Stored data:
· · · · ·

definition rho :: "int \<Rightarrow> int \<Rightarrow> nat" where
  "rho lam p = (LEAST n. \<exists>h::int \<times> int. h \<noteq> (0, 0) \<and>
       [fst h + snd h * lam = 0] (mod p) \<and> n = r_weight h)"

end

theory Submission
  imports Defs "HOL-Computational_Algebra.Fundamental_Theorem_Algebra"
begin

text \<open>Take a nonzero \<open>h\<close> attaining \<open>\<rho>(\<lambda>, p)\<close>. If \<open>h\<^sub>2 = 0\<close>, then \<open>p\<close> divides \<open>h\<^sub>1\<close>.
  Otherwise \<open>a = -h\<^sub>1\<close> and \<open>b = h\<^sub>2\<close> satisfy \<open>a \<equiv> \<lambda> b (mod p)\<close>, and \<open>\<lambda>\<close> is a root of the
  cyclotomic polynomial \<open>\<Phi>\<^sub>k\<close> modulo \<open>p\<close>, so \<open>p\<close> divides the integer
  \<open>b\<^bsup>\<phi>(k)\<^esup> \<Phi>\<^sub>k(a/b) = \<Prod>\<^sub>\<zeta> (a - b\<zeta>)\<close>, the product over the primitive \<open>k\<close>-th roots of unity.
  As \<open>k \<ge> 3\<close>, no \<open>\<zeta>\<close> is real, so this integer is nonzero; each factor has modulus at most
  \<open>|a| + |b| \<le> 2 r(h)\<close>. Hence \<open>p \<le> (2 r(h))\<^bsup>\<phi>(k)\<^esup>\<close>, which is stronger than the claim.\<close>

definition primitive_roots_unity :: "nat \<Rightarrow> complex set" where
  "primitive_roots_unity d = {z. z ^ d = 1 \<and> (\<forall>m. 0 < m \<and> m < d \<longrightarrow> z ^ m \<noteq> 1)}"

lemma finite_primitive_roots_unity: "d > 0 \<Longrightarrow> finite (primitive_roots_unity d)"
  by (rule finite_subset[OF _ finite_roots_unity[of d]]) (auto simp: primitive_roots_unity_def)
text \<open>A probability measure in the moment set that is dominated by a multiple of the
  atomic measure \<open>\<mu>\<close> with weights \<open>w\<close> at the points \<open>x\<^sub>j\<close> is itself atomic on these
  points, and its weights satisfy the same linear moment equations as \<open>w\<close>.
  If \<open>\<mu> = t \<nu>\<^sub>1 + (1 - t) \<nu>\<^sub>2\<close>, the weights \<open>a\<close> of \<open>\<nu>\<^sub>1\<close> are nonnegative, so \<open>(w + a) / 2\<close> is
  a second vector of positive barycentric coordinates of 0, and uniqueness forces \<open>a = w\<close>.
  Conversely, if \<open>l\<close> is another vector of positive barycentric coordinates, the line through
  \<open>l\<close> and \<open>w\<close> stays in the open simplex slightly beyond \<open>w\<close>; this writes \<open>\<mu>\<close> as a proper
  convex combination of the atomic measures with weights \<open>l\<close> and \<open>l\<^sub>2\<close>, and extremality
  forces \<open>l = w\<close>.\<close>

definition affine_coeffs :: "nat \<Rightarrow> nat \<Rightarrow> (nat \<Rightarrow> nat \<Rightarrow> real) \<Rightarrow> (nat \<Rightarrow> real) \<Rightarrow> (nat \<Rightarrow> real) \<Rightarrow> bool" where
  "affine_coeffs m n u v l \<longleftrightarrow> (\<Sum>j<n. l j) = 1 \<and> (\<forall>i<m. v i = (\<Sum>j<n. l j * u j i))"

lemma conv_coeffs_iff_affine_coeffs:
  "conv_coeffs m n u v l \<longleftrightarrow> (\<forall>j<n. l j > 0) \<and> affine_coeffs m n u v l"
  unfolding conv_coeffs_def affine_coeffs_def by blast

lemma affine_coeffs_combination:
  assumes "affine_coeffs m n u v l" and "affine_coeffs m n u v l'"
  shows "affine_coeffs m n u v (\<lambda>j. s * l j + (1 - s) * l' j)"
  unfolding affine_coeffs_def
proof (intro conjI allI impI)
  have "(\<Sum>j<n. s * l j + (1 - s) * l' j) = s * (\<Sum>j<n. l j) + (1 - s) * (\<Sum>j<n. l' j)"
    by (simp add: sum.distrib sum_distrib_left)
  then show "(\<Sum>j<n. s * l j + (1 - s) * l' j) = 1"
    using assms by (simp add: affine_coeffs_def)
  fix i assume "i < m"
  have "(\<Sum>j<n. (s * l j + (1 - s) * l' j) * u j i) =
      s * (\<Sum>j<n. l j * u j i) + (1 - s) * (\<Sum>j<n. l' j * u j i)"
    by (simp add: sum.distrib sum_distrib_left distrib_right mult.assoc)
  also have "\<dots> = s * v i + (1 - s) * v i"
    using assms \<open>i < m\<close> by (simp add: affine_coeffs_def)
  finally show "v i = (\<Sum>j<n. (s * l j + (1 - s) * l' j) * u j i)"
    by (simp add: algebra_simps)
qed

lemma interior_conv_point_iff_unique_coeffs:
  assumes "conv_coeffs m n u v w"
  shows "interior_conv_point m n u v \<longleftrightarrow> (\<forall>l. conv_coeffs m n u v l \<longrightarrow> (\<forall>j<n. l j = w j))"
proof
  assume "interior_conv_point m n u v"
  then show "\<forall>l. conv_coeffs m n u v l \<longrightarrow> (\<forall>j<n. l j = w j)"
    using assms unfolding interior_conv_point_def by blast
next
  assume unique: "\<forall>l. conv_coeffs m n u v l \<longrightarrow> (\<forall>j<n. l j = w j)"
  show "interior_conv_point m n u v"
    unfolding interior_conv_point_def
  proof (intro conjI allI impI)
    show "\<exists>l. conv_coeffs m n u v l"
      using assms by blast
    fix l l' j
    assume "conv_coeffs m n u v l \<and> conv_coeffs m n u v l'" and "j < n"
    then have "l j = w j" and "l' j = w j"
      using unique by blast+
    then show "l j = l' j"
      by simp
  qed
qed

lemma sets_dirac_comb [simp]: "sets (dirac_comb n w x) = sets borel"
  unfolding dirac_comb_def using sets.sigma_sets_eq[of borel] sets.space_closed[of borel]
  by (simp add: sets_measure_of)

lemma space_dirac_comb [simp]: "space (dirac_comb n w x) = UNIV"
  using sets_eq_imp_space_eq[OF sets_dirac_comb] by simp

lemma emeasure_dirac_comb:
  assumes "A \<in> sets borel"
  shows "emeasure (dirac_comb n w x) A = (\<Sum>j<n. ennreal (w j) * indicator A (x j))"
  unfolding dirac_comb_def
proof (rule emeasure_measure_of_sigma)
  show "sigma_algebra UNIV (sets borel)"
    using sets.sigma_algebra_axioms[of borel] by simp
  show "positive (sets borel) (\<lambda>A. \<Sum>j<n. ennreal (w j) * indicator A (x j))"
    by (simp add: positive_def)
  show "countably_additive (sets borel) (\<lambda>A. \<Sum>j<n. ennreal (w j) * indicator A (x j))"
  proof (unfold countably_additive_def, intro allI impI)
    fix F :: "nat \<Rightarrow> 'a set" assume "disjoint_family F"
    have "(\<Sum>i. \<Sum>j<n. ennreal (w j) * indicator (F i) (x j)) =
        (\<Sum>j<n. \<Sum>i. ennreal (w j) * indicator (F i) (x j))"
      by (rule suminf_sum) (rule summableI)
    also have "\<dots> = (\<Sum>j<n. ennreal (w j) * indicator (\<Union>i. F i) (x j))"
      using suminf_indicator[OF \<open>disjoint_family F\<close>] by simp
    finally show "(\<Sum>i. \<Sum>j<n. ennreal (w j) * indicator (F i) (x j)) =
        (\<Sum>j<n. ennreal (w j) * indicator (\<Union>i. F i) (x j))" .
  qed
qed fact

lemma dirac_comb_cong:
  "(\<And>j. j < n \<Longrightarrow> w j = w' j) \<Longrightarrow> dirac_comb n w x = dirac_comb n w' x"
  unfolding dirac_comb_def by (intro arg_cong[where f = "measure_of UNIV (sets borel)"] ext sum.cong) auto

lemma emeasure_dirac_comb_outside:
  "emeasure (dirac_comb n w x) (UNIV - x ` {..<n}) = 0"
  for x :: "nat \<Rightarrow> 'a::t1_space"
  by (subst emeasure_dirac_comb) (auto intro: borel_open finite_imp_closed)

lemma measure_dirac_comb_point:
  fixes x :: "nat \<Rightarrow> 'a::t1_space"
  assumes "inj_on x {..<n}" and "k < n" and "\<And>j. j < n \<Longrightarrow> w j \<ge> 0"
  shows "measure (dirac_comb n w x) {x k} = w k"
proof -
  have "(\<Sum>j<n. ennreal (w j) * indicator {x k} (x j)) = (\<Sum>j<n. if j = k then ennreal (w j) else 0)"
    using assms(1,2) by (intro sum.cong) (auto simp: inj_on_eq_iff)
  then have "emeasure (dirac_comb n w x) {x k} = ennreal (w k)"
    using assms(2) by (simp add: emeasure_dirac_comb)
  then show ?thesis using assms by (simp add: measure_def)
qed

· · · · ·

Exercise prompt>
Return exactly what appears above, from the first line of the entries to the line with "text \<open>Take a", inclusive.

Exercise solution>
definition rho :: "int \<Rightarrow> int \<Rightarrow> nat" where
  "rho lam p = (LEAST n. \<exists>h::int \<times> int. h \<noteq> (0, 0) \<and>
       [fst h + snd h * lam = 0] (mod p) \<and> n = r_weight h)"

end

theory Submission
  imports Defs "HOL-Computational_Algebra.Fundamental_Theorem_Algebra"
begin

text \<open>Take a nonzero \<open>h\<close> attaining \<open>\<rho>(\<lambda>, p)\<close>. If \<open>h\<^sub>2 = 0\<close>, then \<open>p\<close> divides \<open>h\<^sub>1\<close>.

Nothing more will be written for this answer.